Today, Amazon Web Services went down for several hours, taking ScrumDo down for part of that. It was a major outage that took down a significant part of the internet including giants like Reddit, Minecraft, and Foursquare. Unfortunately, for some of that time we were at the mercy of Amazon and unable to fix anything because the very tools we use in this sort of situation were also down. We apologize for the inconvenience and will be working hard in the upcoming months to come up with solutions to avoid this sort of thing.
For the technically inclined, here's what happened...
Around 1:45PM EST, ScrumDo became unavailable. We were notified and immediately began diagnosing the situation. It turns out that the load balancer (ELB) we were using was unable to contact any of our application servers. This is odd, since we host both our app servers and our DB servers in multiple Amazon availability zones to avoid exactly this sort of situation.
Our first plan of attack is to launch additional app servers. While those were starting up, we began investigating the root cause of the failures. It turned out to be a problem with the load balancer itself. We could directly access ScrumDo using arcane internal DNS names without issue. At this point, it would have been a simple matter to point our DNS for www.scrumdo.com directly at one of those app servers and be up and running.
Unfortunately, both the control panel and the command line API tools for changing DNS were not working.
At this point, we remembered that our beta site doesn't use a load balancer. We tried that, and it was working fine, so we tweeted, and made an announcement on our facebook page letting our users know.

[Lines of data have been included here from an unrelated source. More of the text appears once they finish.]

subsection \<open>Uniformly random subsets\<close>

lemma card_subsets_containing:
  assumes E: "finite E" "i \<in> E"
  shows "card {S. S \<subseteq> E \<and> card S = Suc m \<and> i \<in> S} = (card E - 1) choose m"
proof -
  define E' where "E' = E - {i}"
  have fin: "finite E'" using E by (simp add: E'_def)
  have "{S. S \<subseteq> E \<and> card S = Suc m \<and> i \<in> S} = insert i ` {T. T \<subseteq> E' \<and> card T = m}"
  proof (intro equalityI subsetI)
    fix S assume "S \<in> {S. S \<subseteq> E \<and> card S = Suc m \<and> i \<in> S}"
    then have S: "S \<subseteq> E" "card S = Suc m" "i \<in> S" by auto
    then have "S - {i} \<subseteq> E'" "card (S - {i}) = m" "S = insert i (S - {i})"
      using finite_subset[OF S(1) E(1)] by (auto simp: E'_def)
    then show "S \<in> insert i ` {T. T \<subseteq> E' \<and> card T = m}" by blast
  next
    fix S assume "S \<in> insert i ` {T. T \<subseteq> E' \<and> card T = m}"
    then obtain T where T: "T \<subseteq> E'" "card T = m" "S = insert i T" by blast
    then have "finite T" "i \<notin> T" using finite_subset[OF T(1) fin] by (auto simp: E'_def)
    then show "S \<in> {S. S \<subseteq> E \<and> card S = Suc m \<and> i \<in> S}" using T E by (auto simp: E'_def)
  qed
  moreover have "inj_on (insert i) {T. T \<subseteq> E' \<and> card T = m}"
    unfolding inj_on_def E'_def by blast
  ultimately show ?thesis
    using n_subsets[OF fin] E by (simp add: card_image E'_def)
qed

lemma prob_random_subset_contains:
  assumes E: "finite E" "i \<in> E" and m: "m \<le> card E"
  shows "measure_pmf.prob (pmf_of_set {S. S \<subseteq> E \<and> card S = m}) {S. i \<in> S} = m / card E"
proof -
  define Ss where "Ss = {S. S \<subseteq> E \<and> card S = m}"
  have fin: "finite Ss" unfolding Ss_def by (rule finite_subset[of _ "Pow E"]) (auto simp: E)
  have card_Ss: "card Ss = card E choose m" unfolding Ss_def by (rule n_subsets[OF E(1)])
  have pos: "0 < card E choose m" using m by simp
  have count: "card (Ss \<inter> {S. i \<in> S}) * card E = m * card Ss"
  proof (cases m)
    case 0
    have "Ss \<inter> {S. i \<in> S} = {}"
    proof (intro equalityI subsetI)
      fix S assume "S \<in> Ss \<inter> {S. i \<in> S}"
      then have "S \<subseteq> E" "card S = 0" "i \<in> S" using 0 by (auto simp: Ss_def)
      then show "S \<in> {}" using finite_subset[OF _ E(1)] by auto
    qed simp
    then show ?thesis using 0 by simp
  next
    case (Suc m')
    define N where "N = card E - 1"
    have N: "card E = Suc N" using E card_gt_0_iff[of E] unfolding N_def by auto
    have "Ss \<inter> {S. i \<in> S} = {S. S \<subseteq> E \<and> card S = Suc m' \<and> i \<in> S}"
      unfolding Ss_def Suc by blast
    then have "card (Ss \<inter> {S. i \<in> S}) = N choose m'"
      using card_subsets_containing[OF E, of m'] N by simp
    then show ?thesis
      using Suc_times_binomial[of m' N] card_Ss N Suc by (simp add: mult.commute)
  qed
  have ne: "Ss \<noteq> {}" using pos card_Ss by auto
  have "real (card (Ss \<inter> {S. i \<in> S})) * real (card E) = real m * real (card Ss)"
    using count by (metis of_nat_mult)
  moreover have "0 < card E" using E by (auto simp: card_gt_0_iff)
  moreover have "0 < card Ss" using pos card_Ss by simp
  ultimately show ?thesis
    unfolding Ss_def[symmetric] measure_pmf_of_set[OF ne fin] by (simp add: field_simps)
qed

A few people successfully started using that.
Shortly after that, we were able to get the DNS for www.scrumdo.com switched over to one of our single app servers (luckily, we had spun up an oversized one earlier). This was about an hour in, but suddenly the site was accessible to some people, and after DNS changes propagated accessible to everyone.
All was fine for a few minutes, until too many people started using it. It turns out that Amazon was also having a problem with performance on their storage solution (EBS). Performance was fine for a couple users, but once a few hundred people all started hitting it at once, our search server was overwhelmed, and it caused requests to be timed out, making the site unavailable to most people again.
It took us a few minutes to figure out what was going wrong at that point. Once we did, we disabled our search server, once again restoring access for most people. At this point, ScrumDo was working, minus search.
In total, about an hour and a half of downtime. We're really frustrated by this and want to do better in the future.
We'd like to thank all of our users for being patient through this.